▸ **SUPPLIED ENTRIES**

(* Let $\varepsilon_n\downarrow0$. For each $n$ let $\mu_n$ be a QSD for $p^{\varepsilon_n}$ with eigenvalue $\lambda_n$. Suppose $\mu_n\to\mu$ weakly as Borel probability measures on $M$. Then: (a) $\liminf_{n}\lambda_n\ge\mu(M_1)$. In particular, if $\mu(M_1)=1$ then $\lambda_n\to1$, and if $\lambda_n\to0$ then $\mu(M_0)=1$. (b) Suppose there is an attractor $A\subset M_1$ such that $\mu_n(U)>0$ for every $n$ and every open neighborhood $U$ of $A$. Then there exists $\delta>0$ such that $\lambda_n\ge1-\beta_\delta(\varepsilon_n)$ for all $n$. (b') Suppose, in addition to the assumption of (b) with $\delta$ as in its conclusion, that some open neighborhood $V_0$ of $M_0$ satisfies $\lim_{n\to\infty}\beta_\delta(\varepsilon_n)/\inf_{x\in V_0}p^{\varepsilon_n}(x,M_0)=0$. Then $\mu(V_0)=0$.
   Context: Setting. Let $M\subset\mathbb{R}^d$ be closed; all topological notions are relative to $M$. Let $F:M\to M$ be continuous with $\|F\|:=\sup_{x\in M}\|F(x)\|<\infty$. For $A\subset M$ and $\delta>0$, put $N^\delta(A)=\{x\in M:\inf_{y\in A}\|x-y\|<\delta\}$. Let $\{X^\varepsilon\}_{\varepsilon>0}$ be a family of time-homogeneous Markov chains on $M$ with transition kernels $p^\varepsilon(x,\Gamma)$. The following standing hypotheses are assumed. (SH1) For every $\delta>0$, $\beta_\delta(\varepsilon):=\sup_{x\in M}p^\varepsilon(x,M\setminus N^\delta(F(x)))\to0$ as $\varepsilon\to0$. (SH2) $M=M_0\cup M_1$ (disjoint), where $M_0$ is closed, $F(M_0)\subseteq M_0$, $F(M_1)\subseteq M_1$, and $p^\varepsilon(x,M_1)=0$ for all $\varepsilon>0$ and $x\in M_0$. QSD. A Borel probability measure $\mu_\varepsilon$ on $M_1$ is a quasi-stationary distribution (QSD) for $p^\varepsilon$ if there is $\lambda_\varepsilon\in(0,1)$ with $\int_{M_1}p^\varepsilon(x,\Gamma)\,\mu_\varepsilon(dx)=\lambda_\varepsilon\mu_\varepsilon(\Gamma)$ for all Borel $\Gamma\subset M_1$. The number $\lambda_\varepsilon$ is its eigenvalue. Attractor. A compact set $A$ is an attractor for $F$ if there is an open neighborhood $U$ of $A$ with $\bigcap_{n\ge1}F^n(U)=A$ and such that for every open $V\supset A$ there is $n(V)$ with $F^n(U)\subset V$ for all $n\ge n(V)$. *)

theory Defs
  imports "HOL-Probability.Probability"
begin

▸ **PROBLEM DESCRIPTION**
Please give every entry again, precisely as it appears.

▸ **ANSWER SECTION**
(* Let $\varepsilon_n\downarrow0$. For each $n$ let $\mu_n$ be a QSD for $p^{\varepsilon_n}$ with eigenvalue $\lambda_n$. Suppose $\mu_n\to\mu$ weakly as Borel probability measures on $M$. Then: (a) $\liminf_{n}\lambda_n\ge\mu(M_1)$. In particular, if $\mu(M_1)=1$ then $\lambda_n\to1$, and if $\lambda_n\to0$ then $\mu(M_0)=1$. (b) Suppose there is an attractor $A\subset M_1$ such that $\mu_n(U)>0$ for every $n$ and every open neighborhood $U$ of $A$. Then there exists $\delta>0$ such that $\lambda_n\ge1-\beta_\delta(\varepsilon_n)$ for all $n$. (b') Suppose, in addition to the assumption of (b) with $\delta$ as in its conclusion, that some open neighborhood $V_0$ of $M_0$ satisfies $\lim_{n\to\infty}\beta_\delta(\varepsilon_n)/\inf_{x\in V_0}p^{\varepsilon_n}(x,M_0)=0$. Then $\mu(V_0)=0$.
   Context: Setting. Let $M\subset\mathbb{R}^d$ be closed; all topological notions are relative to $M$. Let $F:M\to M$ be continuous with $\|F\|:=\sup_{x\in M}\|F(x)\|<\infty$. For $A\subset M$ and $\delta>0$, put $N^\delta(A)=\{x\in M:\inf_{y\in A}\|x-y\|<\delta\}$. Let $\{X^\varepsilon\}_{\varepsilon>0}$ be a family of time-homogeneous Markov chains on $M$ with transition kernels $p^\varepsilon(x,\Gamma)$. The following standing hypotheses are assumed. (SH1) For every $\delta>0$, $\beta_\delta(\varepsilon):=\sup_{x\in M}p^\varepsilon(x,M\setminus N^\delta(F(x)))\to0$ as $\varepsilon\to0$. (SH2) $M=M_0\cup M_1$ (disjoint), where $M_0$ is closed, $F(M_0)\subseteq M_0$, $F(M_1)\subseteq M_1$, and $p^\varepsilon(x,M_1)=0$ for all $\varepsilon>0$ and $x\in M_0$. QSD. A Borel probability measure $\mu_\varepsilon$ on $M_1$ is a quasi-stationary distribution (QSD) for $p^\varepsilon$ if there is $\lambda_\varepsilon\in(0,1)$ with $\int_{M_1}p^\varepsilon(x,\Gamma)\,\mu_\varepsilon(dx)=\lambda_\varepsilon\mu_\varepsilon(\Gamma)$ for all Borel $\Gamma\subset M_1$. The number $\lambda_\varepsilon$ is its eigenvalue. Attractor. A compact set $A$ is an attractor for $F$ if there is an open neighborhood $U$ of $A$ with $\bigcap_{n\ge1}F^n(U)=A$ and such that for every open $V\supset A$ there is $n(V)$ with $F^n(U)\subset V$ for all $n\ge n(V)$. *)

theory Defs
  imports "HOL-Probability.Probability"
begin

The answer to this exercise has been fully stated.